# play like Ian thornly



## MelodyQuaker (Mar 5, 2016)

I'm not a huge fan boy of him not that I dislike him. But honestly something about his playing is incredible. How does he get that sound. There's almost something middle eastern in his soloing. Very very melodic player


----------



## Hamstrung (Sep 21, 2007)

He's technically very knowedgeable which allows him to use a lot more real estate on the fretboard. Also, he uses a lot of alternate tunings. I think he's one of the finest modern players out there.


----------



## Budda (May 29, 2007)

It helps that his phrasing is fantastic as well. He has the same 11 notes as the rest of us .

While I don't own anything he's put out (yet), I am a fan of his work.


----------



## ezcomes (Jul 28, 2008)

Dude def has chops...tunings is one thing, lots of tunings...
He can play most any style...he was in Fairfield AD, hes played with Roger Hodgeson, he plays slide for lots of ppl
Its all practice me thinks...he went to Berkley...hes always played...so...practicing all day everyday...you could get there
Oh...and dont be afraid to experiment...lots of different effects to get his sound along with lots of overdubs


----------



## garrettdavis275 (May 30, 2014)

Budda said:


> It helps that his phrasing is fantastic as well. He has the same 11 notes as the rest of us .


That's totally true, and I'm not a major subscriber to the "natural talent" idea, but that dude has either digested enough music to really blow his mind wide open with different ideas than 99.9% of other players, or he's got golden ears. I'm inclined to think it's a bit of both. Maybe a handful of players you'll ever meet will have phrasing that well-developed. He's a perfect storm kind of guitarist IMO. Technically excellent, sound theory, brilliant taste. I'm not a huge fan, but it's easy to hear how good he is. Like, sooooo goddamn good. And he's starting to get the recognition a player of his calibre deserves.

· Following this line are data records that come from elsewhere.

(* Let $k\ge4$ be an integer, let $(\mathcal X,\mathcal F,t)$ be an instance of SET-COVER, and let $\mathbb G$ be the graph constructed from it as described in the context. If $E'$ is a good $k$-completion set of $\mathbb G$, then $\{S_j\in\mathcal F: (S_j,S'_j)\in E'\}$ is a set cover of $\mathcal X$ of size $|E'|$.
   Context: SET-COVER instance $(\mathcal X,\mathcal F,t)$: a finite set $\mathcal X$ of items, a family $\mathcal F$ of nonempty subsets of $\mathcal X$ such that every item lies in some set of $\mathcal F$, and an integer $t$; a set cover is a subfamily of $\mathcal F$ whose union is $\mathcal X$. For $k\ge4$ the graph $\mathbb G$ is built as follows: (1) for each item $x_i\in\mathcal X$ add vertices $x_i,x'_i$ and the item edge $(x_i,x'_i)$; (2) for each set $S_j\in\mathcal F$ add a set subgraph $\mathbb G_j$ isomorphic to $K_{k-2}$ minus one edge, whose missing edge is between vertices named $S_j$ and $S'_j$; (3) for each $x_i\in\mathcal X$ and $S_j\in\mathcal F$ with $x_i\in S_j$, join both $x_i$ and $x'_i$ to every vertex of $\mathbb G_j$; (4) for each edge of the graph obtained so far other than the item edges, add $k-2$ new vertices forming a $k$-clique together with the endpoints of that edge; (5) add a vertex $P$, add the edge $(S_j,P)$ for every $S_j\in\mathcal F$, and for each such edge add $k-2$ new vertices forming a $k$-clique with $S_j$ and $P$. A connected graph has a $(k,1)$-cover if each edge lies in a clique of order $k$; a $k$-completion set of $\mathbb G$ is a set $E'$ of non-edges of $\mathbb G$ such that $\mathbb G\cup E'$ has a $(k,1)$-cover; it is good if $E'\subseteq\{(S_j,S'_j): S_j\in\mathcal F\}$. *)

theory Defs
  imports Main
begin
(* Let $(D,\mu)$ be an associative algebra over a field $k$, $\alpha:D\to D$ an algebra endomorphism, and $T:D\otimes D\to D\otimes D$ a pseudotwistor with companions $\tilde T_1,\tilde T_2$, i.e. linear maps $\tilde T_1,\tilde T_2:D^{\otimes 3}\to D^{\otimes 3}$ with $T\circ(\mathrm{id}_D\otimes\mu)=(\mathrm{id}_D\otimes\mu)\circ\tilde T_1\circ(T\otimes\mathrm{id}_D)$, $T\circ(\mu\otimes\mathrm{id}_D)=(\mu\otimes\mathrm{id}_D)\circ\tilde T_2\circ(\mathrm{id}_D\otimes T)$ and $\tilde T_1\circ(T\otimes\mathrm{id}_D)\circ(\mathrm{id}_D\otimes T)=\tilde T_2\circ(\mathrm{id}_D\otimes T)\circ(T\otimes\mathrm{id}_D)$. Assume moreover $(\alpha\otimes\alpha)\circ T=T\circ(\alpha\otimes\alpha)$. Consider the associative algebra $D^T=(D,\mu\circ T)$ and the Hom-associative algebra $D_\alpha=(D,\alpha\circ\mu,\alpha)$. Then $T$ is a Hom-pseudotwistor for $D_\alpha$ with companions $\tilde T_1,\tilde T_2$, the map $\alpha$ is an algebra endomorphism of $D^T$, and the Hom-associative algebras $(D_\alpha)^T=(D,(\alpha\circ\mu)\circ T,\alpha)$ and $(D^T)_\alpha=(D,\alpha\circ(\mu\circ T),\alpha)$ coincide. In particular, if $T$ is a twistor for $D$, then $T$ is a Hom-twistor for $D_\alpha$.
   Context: Algebras are over $k$ and not assumed unital. A Hom-associative algebra is $(A,\mu,\alpha)$ with $\alpha(aa')=\alpha(a)\alpha(a')$ and $\alpha(a)(a'a'')=(aa')\alpha(a'')$. For a Hom-associative algebra $(D,\mu,\alpha)$, a linear $T:D\otimes D\to D\otimes D$ is a Hom-pseudotwistor with companions $\tilde T_1,\tilde T_2:D^{\otimes3}\to D^{\otimes 3}$ if $(\alpha\otimes\alpha)\circ T=T\circ(\alpha\otimes\alpha)$, $T\circ(\alpha\otimes\mu)=(\alpha\otimes\mu)\circ\tilde T_1\circ(T\otimes\mathrm{id})$, $T\circ(\mu\otimes\alpha)=(\mu\otimes\alpha)\circ\tilde T_2\circ(\mathrm{id}\otimes T)$, $\tilde T_1\circ(T\otimes\mathrm{id})\circ(\mathrm{id}\otimes T)=\tilde T_2\circ(\mathrm{id}\otimes T)\circ(T\otimes\mathrm{id})$; then $(D,\mu\circ T,\alpha)$ is Hom-associative. Write $T(d\otimes d')=d^T\otimes d'_T$, $T_{12}=T\otimes\mathrm{id}$, $T_{23}=\mathrm{id}\otimes T$, $T_{13}(d\otimes d'\otimes d'')=d^T\otimes d'\otimes d''_T$. For an associative algebra $(D,\mu)$, a twistor is a linear $T$ with $T\circ(\mathrm{id}\otimes\mu)=(\mathrm{id}\otimes\mu)\circ T_{13}\circ T_{12}$, $T\circ(\mu\otimes\mathrm{id})=(\mu\otimes\mathrm{id})\circ T_{13}\circ T_{23}$, $T_{12}\circ T_{23}=T_{23}\circ T_{12}$. For a Hom-associative algebra $(D,\mu,\alpha)$, a Hom-twistor is a linear $T$ with $(\alpha\otimes\alpha)\circ T=T\circ(\alpha\otimes\alpha)$, $T\circ(\alpha\otimes\mu)=(\alpha\otimes\mu)\circ T_{13}\circ T_{12}$, $T\circ(\mu\otimes\alpha)=(\mu\otimes\alpha)\circ T_{13}\circ T_{23}$, $T_{12}\circ T_{23}=T_{23}\circ T_{12}$. It is known that $D^T$ is associative for a pseudotwistor $T$, and $D_\alpha$ is Hom-associative for an algebra endomorphism $\alpha$. *)

theory Defs
  imports "HOL-Library.Poly_Mapping"
begin
(* Let $w\colon E\to(0,\infty)$ be a weight function on the edges of the hypercube graph, let $v$ be a game on $N$, and for each $i\in N$ let $v_{i,w}\in\ell^2(V)$ be the unique function with $v_{i,w}(\emptyset)=0$ and $\mathrm{d}v_{i,w} = P_w\mathrm{d}_i v$. Then: (a) $\sum_{i\in N} v_{i,w} = v$. (b) If $v(S\cup\{i\})-v(S)=0$ for all $S\subset N\setminus\{i\}$, then $v_{i,w}=0$. (c) If $\sigma$ is a permutation of $N$, then $(\sigma^*v)_{i,\sigma^*w} = \sigma^*(v_{\sigma(i),w})$ for all $i\in N$. In particular, if $\sigma$ swaps $i$ and $j$, $\sigma^*v=v$ and $\sigma^*w=w$, then $v_{i,w}=\sigma^*(v_{j,w})$. (d) For any two games $v,v'$ and $\alpha,\alpha'\in\mathbb{R}$, $(\alpha v+\alpha' v')_{i,w} = \alpha v_{i,w}+\alpha' v'_{i,w}$.
   Context: Let $N$ be a finite set of players. A game is a function $v\colon 2^N\to\mathbb{R}$ with $v(\emptyset)=0$. The hypercube graph $G=(V,E)$ has $V=2^N$ and oriented edges $E=\{(S,S\cup\{i\}) : i\in N,\ S\subset N\setminus\{i\}\}$. $\ell^2(V)$ is the space of real functions on $V$. Given $w\colon E\to(0,\infty)$, $\ell^2_w(E)$ is the space of real functions on $E$ with inner product $\langle f,g\rangle_w=\sum_{e\in E}w(e)f(e)g(e)$. $\mathrm{d}\colon \ell^2(V)\to\ell^2_w(E)$ is $\mathrm{d}u(S,S\cup\{i\}) = u(S\cup\{i\})-u(S)$, with range $\mathcal{R}(\mathrm{d})$. For $i\in N$, $\mathrm{d}_i\colon\ell^2(V)\to\ell^2_w(E)$ is defined by $\mathrm{d}_i u(S,S\cup\{j\}) = u(S\cup\{i\})-u(S)$ if $j=i$ and $0$ if $j\ne i$. $P_w$ is the $\langle\cdot,\cdot\rangle_w$-orthogonal projection of $\ell^2_w(E)$ onto $\mathcal{R}(\mathrm{d})$. For a permutation $\sigma$ of $N$, $\sigma^*$ acts on vertex functions by $(\sigma^*u)(S)=u(\sigma(S))$ and on edge functions by $(\sigma^*f)(S,S\cup\{i\}) = f(\sigma(S),\sigma(S)\cup\{\sigma(i)\})$. *)

theory Defs
  imports "HOL-Combinatorics.Combinatorics"
begin

text \<open>Vertices V = Pow N, vertex functions 'a set => real.
  Oriented edges (S, S \<union> {i}) are encoded as pairs (S, i) with i \<in> N, S \<subseteq> N - {i}.
  Edge functions are functions on such pairs; the coboundaries below vanish off E.\<close>

definition edges :: "'a set \<Rightarrow> ('a set \<times> 'a) set" where
  "edges N = {(S, i). i \<in> N \<and> S \<subseteq> N - {i}}"

definition dV :: "'a set \<Rightarrow> ('a set \<Rightarrow> real) \<Rightarrow> ('a set \<times> 'a \<Rightarrow> real)" where
  "dV N u = (\<lambda>(S, i). if (S, i) \<in> edges N then u (insert i S) - u S else 0)"

definition dI :: "'a set \<Rightarrow> 'a \<Rightarrow> ('a set \<Rightarrow> real) \<Rightarrow> ('a set \<times> 'a \<Rightarrow> real)" where
  "dI N i u = (\<lambda>(S, j). if (S, j) \<in> edges N \<and> j = i then u (insert i S) - u S else 0)"

definition winner :: "'a set \<Rightarrow> ('a set \<times> 'a \<Rightarrow> real) \<Rightarrow> ('a set \<times> 'a \<Rightarrow> real)
    \<Rightarrow> ('a set \<times> 'a \<Rightarrow> real) \<Rightarrow> real" where
  "winner N w f g = (\<Sum>e\<in>edges N. w e * f e * g e)"

definition rangeD :: "'a set \<Rightarrow> ('a set \<times> 'a \<Rightarrow> real) set" where
  "rangeD N = range (dV N)"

I swear, I'm not his agent or anything. Good topic.


----------



## MelodyQuaker (Mar 5, 2016)

garrettdavis275 said:


> That's totally true, and I'm not a major subscriber to the "natural talent" idea, but that dude has either digested enough music to really blow his mind wide open with different ideas than 99.9% of other players, or he's got golden ears. I'm inclined to think it's a bit of both. Maybe a handful of players you'll ever meet will have phrasing that well-developed. He's a perfect storm kind of guitarist IMO. Technically excellent, sound theory, brilliant taste. I'm not a huge fan, but it's easy to hear how good he is. Like, sooooo goddamn good. And he's starting to get the recognition a player of his calibre deserves.
> 
> I swear, I'm not his agent or anything. Good topic.


I see what you did there. Blown wide open


----------



## garrettdavis275 (May 30, 2014)

Oh shit. That... wasn't supposed to happen.


----------



## Budda (May 29, 2007)

I don't know if he studied classical or jazz, but with his chops I would not be surprised in the least. He has that kind of feel to his playing where there was years of serious study behind it. I think *most* phenomenal players I've met or heard have some studying under their belt.


----------



## Hamstrung (Sep 21, 2007)

The original lineup of BW met at Berklee.


----------



## Budda (May 29, 2007)

Hamstrung said:


> The original lineup of BW met at Berklee.


That will do it.


----------



## davetcan (Feb 27, 2006)

This is cool if you haven't already seen it.


----------



## Milkman (Feb 2, 2006)

It takes more than a formal musical education to sound like Thornly.

And even if he was an average player, that voice.....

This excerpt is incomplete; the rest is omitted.